Monday, January 3, 2011

AN OVERVIEW OF 20TH CENTURY ARCHITECTURE PART III: The Rancher Rides Into Town

The housing shortage that followed the close of World War II brought a spate of mass-produced, sparsely-detailed but laudably affordable tract developments such as New York’s pioneering Levittown.  By the mid 1950s, however, such modest designs were already being displaced by the rambling, low-slung California Rancher, a home style that better reflected the vast wealth and national pride during of the postwarera.  With its precedent-setting double garage, the Rancher glorified conspicuous consumption, but at the same time was kept literally down-to-earth by a rough simplicity that bespoke traditional Yankee values.

Around this time, more populist brand of Modernism made an appearance with the astoundingly progressive designs of California developer Joseph Eichler.  With their flat roofs, bold facades, and broad sweeps of plate glass, Eichler homes drew heavily on Bauhaus tenets, and found tremendous appeal among architecturally sophisticated tract buyers.  Sadly, there weren’t a whole lot of the latter, and Eichler went broke in 1967. 

The 60s were a turbulent decade, and architectural trends proved no exception.  While most houses continued along the well-worn Rancher rut, architects of custom homes were happy to experiment with grid-paper Rationalism, icebox Minimalism, cast-concrete Brutalism—in fact just about any ism that came down the pike.  

Perhaps the most influential of these Modernist ideas also came from California, though from a far less probably source:  the tiny coastal village of Gualala, where architect Charles Moore was building a unique development known as the Sea Ranch.  Its houses featured artful arrangments of shed-roofed cubes clad in cedar siding, and this completely fresh approach had enormous influence on residential architecture well into the 70s.  Sea-Ranch inspired designs were especially popular in hilly wooded areas, where their craggy outlines looked wonderful peaking out of the treetops. 

The Sea Ranch’s inspiration came none too soon, because by the end of the 60s, the stalwart Rancher had just about run its course.  After two decades of popularity, people were finally tiring of its now-predictable floor plan, with rooms strung methodically along a seemingly endless central hall.  And in any case, the vast, flat-as-a-tabletop building sites that were required to show these sprawling homes to best advantage were growing few and far between.  

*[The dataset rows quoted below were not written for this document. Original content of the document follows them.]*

(* Let $G$ be a graph, $\theta$ a real number, and $X\subseteq V(G)$ with $|X|>1$. Then $X$ is a $\theta$-extreme set in $G$ if and only if $X$ is $\theta$-nice in $G$, i.e. if and only if $\mathrm{mult}(\theta,G\setminus \{u,v\})=\mathrm{mult}(\theta,G)+2$ for all distinct $u,v\in X$.
   Context: All graphs are finite and simple. For a graph $G$ on $n$ vertices, let $p(G,r)$ be the number of $r$-matchings of $G$ ($p(G,0)=1$); the matching polynomial is $\mu(G,x)=\sum_{r=0}^{\lfloor n/2\rfloor}(-1)^r p(G,r)x^{n-2r}$. For real $\theta$, $\mathrm{mult}(\theta,G)$ is the multiplicity of $\theta$ as a root of $\mu(G,x)$ (it is $0$ if $\theta$ is not a root). For $X\subseteq V(G)$, $G\setminus X$ is the graph obtained by deleting the vertices of $X$ and their incident edges. A set $X\subseteq V(G)$ is a $\theta$-extreme set if $\mathrm{mult}(\theta,G\setminus X)=\mathrm{mult}(\theta,G)+|X|$. A set $X$ with $|X|>1$ is $\theta$-nice if $\mathrm{mult}(\theta,G\setminus\{u,v\})=\mathrm{mult}(\theta,G)+2$ for all distinct $u,v\in X$. *)

theory Defs
  imports "HOL-Analysis.Analysis" "HOL-Computational_Algebra.Polynomial"
begin

definition simple_graph :: "'a set \<Rightarrow> 'a set set \<Rightarrow> bool" where
  "simple_graph V E \<longleftrightarrow> finite V \<and> (\<forall>e\<in>E. e \<subseteq> V \<and> card e = 2)"

text \<open>Edges of G minus X: edges avoiding X (vertex set becomes V - X).\<close>
definition del_edges :: "'a set set \<Rightarrow> 'a set \<Rightarrow> 'a set set" where
  "del_edges E X = {e \<in> E. e \<inter> X = {}}"

definition matchings :: "'a set set \<Rightarrow> nat \<Rightarrow> 'a set set set" where
  "matchings E r = {M. M \<subseteq> E \<and> card M = r \<and> pairwise disjnt M}"

definition num_matchings :: "'a set set \<Rightarrow> nat \<Rightarrow> nat" where
  "num_matchings E r = card (matchings E r)"

definition match_poly :: "'a set \<Rightarrow> 'a set set \<Rightarrow> real poly" where
  "match_poly V E = (\<Sum>r\<le>card V div 2.
      monom ((-1) ^ r * real (num_matchings E r)) (card V - 2 * r))"

definition mult :: "real \<Rightarrow> 'a set \<Rightarrow> 'a set set \<Rightarrow> nat" where
  "mult \<theta> V E = order \<theta> (match_poly V E)"

definition theta_extreme :: "real \<Rightarrow> 'a set \<Rightarrow> 'a set set \<Rightarrow> 'a set \<Rightarrow> bool" where
  "theta_extreme \<theta> V E X \<longleftrightarrow>
     mult \<theta> (V - X) (del_edges E X) = mult \<theta> V E + card X"

definition theta_nice :: "real \<Rightarrow> 'a set \<Rightarrow> 'a set set \<Rightarrow> 'a set \<Rightarrow> bool" where
  "theta_nice \<theta> V E X \<longleftrightarrow> card X > 1 \<and>
     (\<forall>u\<in>X. \<forall>v\<in>X. u \<noteq> v \<longrightarrow>
        mult \<theta> (V - {u, v}) (del_edges E {u, v}) = mult \<theta> V E + 2)"

end

theory Submission
  imports Defs
begin

(* The argument is analytic and goes through the multivariate matching polynomial
     mu(G; x) = sum over matchings M of (-1)^|M| * prod of x_v over the vertices v not covered by M,
   which specialises to the matching polynomial when all x_v equal z.
   1. mu satisfies the vertex recurrence mu(G) = x_u mu(G - u) - sum over neighbours v of mu(G - u - v);
      by induction this gives the Heilmann-Lieb stability theorem: if every x_v lies in the open upper
      half-plane then mu(G) <> 0 and Im (mu(G - u) / mu(G)) < 0.
   2. For a single variable this says that mu(G - u) / mu(G) maps the upper half-plane into the lower one;
      a local analysis at a real root shows that deleting a vertex changes mult(theta, .) by at most one.
      Hence mult(theta, G - S) <= mult(theta, G) + |S|, and subsets of theta-extreme sets are extreme.
   3. Shifting the variables of the vertices of X by s turns mu into a polynomial in s whose coefficients
      are the "layers" sum over |S| = j of mu(G - S).  Stability of that pencil, evaluated along a
      suitable curve approaching a real point, forces the top layer to vanish to order m + |X| as soon as
      all intermediate layers vanish to the orders m + j: a theta-nice set all of whose proper subsets are
      extreme is itself extreme.
   The theorem follows: extreme sets are nice by step 2, and nice sets are extreme by induction on the
   size of their subsets, using step 3 for subsets of size at least three. *)

definition all_matchings :: "'a set set \<Rightarrow> 'a set set set" where
  "all_matchings E = {M. M \<subseteq> E \<and> pairwise disjnt M}"

definition mmatch_poly :: "'a set \<Rightarrow> 'a set set \<Rightarrow> ('a \<Rightarrow> complex) \<Rightarrow> complex" where
  "mmatch_poly V E x = (\<Sum>M\<in>all_matchings E. (-1) ^ card M * (\<Prod>v\<in>V - \<Union>M. x v))"

(* The matching polynomial with complex coefficients, so that it can be evaluated off the real line. *)
definition cmatch_poly :: "'a set \<Rightarrow> 'a set set \<Rightarrow> complex poly" where
  "cmatch_poly V E = map_poly complex_of_real (match_poly V E)"

definition neighbours :: "'a set set \<Rightarrow> 'a \<Rightarrow> 'a set" where
  "neighbours E u = {v. {u, v} \<in> E}"

lemma simple_graph_finite_edges: "simple_graph V E \<Longrightarrow> finite E"
  unfolding simple_graph_def by (meson PowI finite_Pow_iff finite_subset subsetI)

lemma simple_graph_finite_subset: "simple_graph V E \<Longrightarrow> X \<subseteq> V \<Longrightarrow> finite X"
  unfolding simple_graph_def by (meson finite_subset)

lemma finite_all_matchings: "finite E \<Longrightarrow> finite (all_matchings E)"
  unfolding all_matchings_def by (rule finite_subset[of _ "Pow E"]) auto

lemma simple_graph_del_edges: "simple_graph V E \<Longrightarrow> simple_graph (V - S) (del_edges E S)"
  unfolding simple_graph_def del_edges_def by auto

lemma del_edges_del_edges [simp]: "del_edges (del_edges E S) T = del_edges E (S \<union> T)"
  unfolding del_edges_def by auto

lemma del_edges_empty [simp]: "del_edges E {} = E"
  unfolding del_edges_def by auto

lemma Diff_Diff_Un: "V - S - T = V - (S \<union> T)"
  by auto

lemma neighbours_subset: "simple_graph V E \<Longrightarrow> neighbours E u \<subseteq> V - {u}"
  unfolding neighbours_def simple_graph_def by (auto simp: card_2_iff doubleton_eq_iff)

lemma mmatch_poly_cong:
  "(\<And>v. v \<in> V \<Longrightarrow> x v = y v) \<Longrightarrow> mmatch_poly V E x = mmatch_poly V E y"
  unfolding mmatch_poly_def by (intro sum.cong refl arg_cong2[where f="(*)"] prod.cong) auto

lemma mmatch_poly_no_vertices: "simple_graph {} E \<Longrightarrow> mmatch_poly {} E x = 1"
proof -
  assume "simple_graph {} E"
  then have "E = {}" unfolding simple_graph_def by force
  then have "all_matchings E = {{}}" unfolding all_matchings_def by auto
  then show ?thesis unfolding mmatch_poly_def by simp
qed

A version of the Rancher in which the floor levels were offset by a half-story offered an interim solution to these problems, and the so-called “split-level” became the very embodiment of modernity during 1960s.  Even the most diminutive hillock provided a fine excuse to build a split level, and throughout the decade such houses could be seen marching up sloping sites across America.  

In the suburbs, however, developers began to focus on two-story floor plans as a way to accommodate ever-bigger homes on ever-tighter lots.  This in turn led rather naturally to more traditional styles coming to the fore—Spanish Revival, Half-timber, even some rather scrawny-looking Colonials.  These timid early attempts at traditionalism were almost laughably two-dimensional, yet they were the first harbinger of the tidal wave of traditional architecture that would swamp Modernism by the end of the century.

The Baby Boom generation, having grown up in ornament-challenged Ranchers and been schooled in flat-topped boxes, now hungered for tradition with a vengeance.